**Prompt:**
The entries follow. Copy every line in which "Longrightarrow" appears.

**Excerpted data:**
(* Let $p$ be a prime number and let $1\to F\to H\to\bar H\to1$ be an exact sequence of finite groups such that $\bar H$ is abelian and generated by $r$ elements. Suppose that $|F|\le B\cdot|F_p|^e$ for some positive constants $B$ and $e$, where $F_p$ is a $p$-Sylow subgroup of $F$, and that $F$ is generated by $s$ elements. Then $H$ contains a characteristic abelian subgroup of order coprime to $p$ and index at most $B^{r+s}\cdot|H_p|^{e(r+s)+1}$, where $H_p$ is a $p$-Sylow subgroup of $H$. *)

theory Defs
  imports "HOL-Algebra.Algebra" "HOL-Computational_Algebra.Primes"
begin

definition generated_by_at_most :: "('a, 'b) monoid_scheme \<Rightarrow> nat \<Rightarrow> bool" where
  "generated_by_at_most G n \<longleftrightarrow>
     (\<exists>S. S \<subseteq> carrier G \<and> finite S \<and> card S \<le> n \<and> generate G S = carrier G)"

definition sylow_subgroup :: "nat \<Rightarrow> ('a, 'b) monoid_scheme \<Rightarrow> 'a set \<Rightarrow> bool" where
  "sylow_subgroup p G P \<longleftrightarrow>
     subgroup P G \<and> card P = p ^ multiplicity p (order G)"

definition characteristic_subgroup :: "'a set \<Rightarrow> ('a, 'b) monoid_scheme \<Rightarrow> bool" where
  "characteristic_subgroup A G \<longleftrightarrow>
     subgroup A G \<and> (\<forall>\<phi> \<in> iso G G. \<phi> ` A = A)"

end

(*
  Let m be the part of |H| prime to p and let A consist of the central elements of H whose
  order divides m; A is characteristic and abelian, and by Cauchy's theorem p does not
  divide |A|.  Lifts of r generators of Hbar together with s generators of F generate H.
  As Hbar is abelian, h x h^-1 lies in the coset F x for each such generator x, and two
  elements of H conjugate all generators alike iff they differ by a central element; hence
  [H : Z(H)] <= |F|^(r+s).  The m-th power map sends Z(H) into its p-torsion, of order at
  most |H_p|, with kernel A, so [Z(H) : A] <= |H_p|.  Finally |F| <= B |F_p|^e <= B |H_p|^e.
*)

theory Submission
  imports Defs
begin

definition center :: "('a, 'b) monoid_scheme \<Rightarrow> 'a set" where
  "center G = {z \<in> carrier G. \<forall>g \<in> carrier G. z \<otimes>\<^bsub>G\<^esub> g = g \<otimes>\<^bsub>G\<^esub> z}"

definition center_torsion :: "('a, 'b) monoid_scheme \<Rightarrow> nat \<Rightarrow> 'a set" where
  "center_torsion G n = {z \<in> center G. z [^]\<^bsub>G\<^esub> n = \<one>\<^bsub>G\<^esub>}"

definition coprime_part :: "nat \<Rightarrow> nat \<Rightarrow> nat" where
  "coprime_part p n = n div p ^ multiplicity p n"

lemma coprime_part_decompose:
  assumes "n \<noteq> 0" and p: "Factorial_Ring.prime p"
  shows "n = p ^ multiplicity p n * coprime_part p n" and "coprime (coprime_part p n) p"
proof -
  show "n = p ^ multiplicity p n * coprime_part p n"
    unfolding coprime_part_def by (simp add: multiplicity_dvd)
  have "\<not> p dvd coprime_part p n" unfolding coprime_part_def
    by (rule multiplicity_decompose) (use assms in auto)
  then show "coprime (coprime_part p n) p"
    using prime_imp_coprime[OF p] coprime_commute by blast
qed

context group
begin

lemma card_le_card_image_mult_card:
  assumes S: "S \<subseteq> carrier G" and "finite K"
    and fibres: "\<And>x y. x \<in> S \<Longrightarrow> y \<in> S \<Longrightarrow> f x = f y \<Longrightarrow> inv x \<otimes> y \<in> K"
  shows "card S \<le> card (f ` S) * card K"
proof (cases "finite S")
  case True
  define rep where "rep v = (SOME y. y \<in> S \<and> f y = v)" for v
  have rep: "rep (f x) \<in> S \<and> f (rep (f x)) = f x" if "x \<in> S" for x
    unfolding rep_def by (rule someI[of _ x]) (use that in auto)
  define \<psi> where "\<psi> x = (f x, inv (rep (f x)) \<otimes> x)" for x
  have "inj_on \<psi> S"
  proof (rule inj_onI)
    fix x y assume xy: "x \<in> S" "y \<in> S" "\<psi> x = \<psi> y"
    then have "f x = f y" and "inv (rep (f x)) \<otimes> x = inv (rep (f x)) \<otimes> y"
      unfolding \<psi>_def by auto
    moreover have "rep (f x) \<in> carrier G" using rep[OF xy(1)] S by auto
    ultimately show "x = y" using xy S by (meson inv_closed l_cancel subsetD)
  qed
  moreover have "\<psi> ` S \<subseteq> f ` S \<times> K"
    unfolding \<psi>_def using rep fibres by auto
  ultimately have "card S \<le> card (f ` S \<times> K)"
    using card_inj_on_le True \<open>finite K\<close> by blast
  then show ?thesis by (simp add: card_cartesian_product)
qed simp

lemma center_subset: "center G \<subseteq> carrier G"
  unfolding center_def by blast

lemma center_commute: "z \<in> center G \<Longrightarrow> g \<in> carrier G \<Longrightarrow> z \<otimes> g = g \<otimes> z"
  unfolding center_def by blast

lemma subgroup_centralizer:
  assumes c: "c \<in> carrier G"
  shows "subgroup {g \<in> carrier G. c \<otimes> g = g \<otimes> c} G"
proof (rule subgroup.intro)
  fix x y assume "x \<in> {g \<in> carrier G. c \<otimes> g = g \<otimes> c}" "y \<in> {g \<in> carrier G. c \<otimes> g = g \<otimes> c}"
  then have x: "x \<in> carrier G" "c \<otimes> x = x \<otimes> c" and y: "y \<in> carrier G" "c \<otimes> y = y \<otimes> c"
    by auto
  have "c \<otimes> (x \<otimes> y) = x \<otimes> c \<otimes> y" using x c y by (simp flip: m_assoc)
  also have "\<dots> = x \<otimes> (y \<otimes> c)" using x c y by (simp add: m_assoc flip: y(2))
  finally show "x \<otimes> y \<in> {g \<in> carrier G. c \<otimes> g = g \<otimes> c}" using x y c by (simp flip: m_assoc)
next
  fix x assume "x \<in> {g \<in> carrier G. c \<otimes> g = g \<otimes> c}"
  then have x: "x \<in> carrier G" "c \<otimes> x = x \<otimes> c" by auto
  have "c \<otimes> inv x = inv x \<otimes> (x \<otimes> c) \<otimes> inv x" using x c by (simp flip: m_assoc)
  also have "\<dots> = inv x \<otimes> c" using x c by (simp add: m_assoc flip: x(2))
  finally show "inv x \<in> {g \<in> carrier G. c \<otimes> g = g \<otimes> c}" using x by simp
qed (use c in auto)

lemma subgroup_center: "subgroup (center G) G"
proof -
  let ?C = "insert (carrier G) ((\<lambda>c. {g \<in> carrier G. c \<otimes> g = g \<otimes> c}) ` carrier G)"
  have "center G = \<Inter> ?C"
    unfolding center_def by auto
  moreover have "subgroup (\<Inter> ?C) G"
    by (rule subgroups_Inter) (auto intro: subgroup_self subgroup_centralizer)
  ultimately show ?thesis by simp
qed

lemma center_if_commutes_with_generators:
  assumes S: "S \<subseteq> carrier G" and gen: "generate G S = carrier G"
    and c: "c \<in> carrier G" and comm: "\<And>x. x \<in> S \<Longrightarrow> c \<otimes> x = x \<otimes> c"
  shows "c \<in> center G"
proof -
  have "generate G S \<subseteq> {g \<in> carrier G. c \<otimes> g = g \<otimes> c}"
    using S comm by (intro generate_subgroup_incl subgroup_centralizer c) auto
  then show ?thesis using gen c unfolding center_def by auto
qed

lemma subgroup_center_torsion: "subgroup (center_torsion G n) G"
proof (rule subgroup.intro)
  fix x y assume "x \<in> center_torsion G n" "y \<in> center_torsion G n"
  then have x: "x \<in> center G" "x [^] n = \<one>" and y: "y \<in> center G" "y [^] n = \<one>"
    unfolding center_torsion_def by auto
  have "x \<otimes> y \<in> center G" using x y subgroup.m_closed[OF subgroup_center] by blast
  moreover have "(x \<otimes> y) [^] n = \<one>"
    using x y center_subset by (simp add: pow_mult_distrib center_commute subset_iff)
  ultimately show "x \<otimes> y \<in> center_torsion G n"
    unfolding center_torsion_def by auto
next
  fix x assume "x \<in> center_torsion G n"
  then have x: "x \<in> center G" "x [^] n = \<one>" unfolding center_torsion_def by auto
  have "inv x \<in> center G" using x subgroup.m_inv_closed[OF subgroup_center] by blast
  moreover have "inv x [^] n = \<one>" using x center_subset by (auto simp: nat_pow_inv)
  ultimately show "inv x \<in> center_torsion G n"
    unfolding center_torsion_def by auto
qed (use center_subset in \<open>auto simp: center_torsion_def center_def\<close>)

**Solution to this task:**
    and fibres: "\<And>x y. x \<in> S \<Longrightarrow> y \<in> S \<Longrightarrow> f x = f y \<Longrightarrow> inv x \<otimes> y \<in> K"
lemma center_commute: "z \<in> center G \<Longrightarrow> g \<in> carrier G \<Longrightarrow> z \<otimes> g = g \<otimes> z"
    and c: "c \<in> carrier G" and comm: "\<And>x. x \<in> S \<Longrightarrow> c \<otimes> x = x \<otimes> c"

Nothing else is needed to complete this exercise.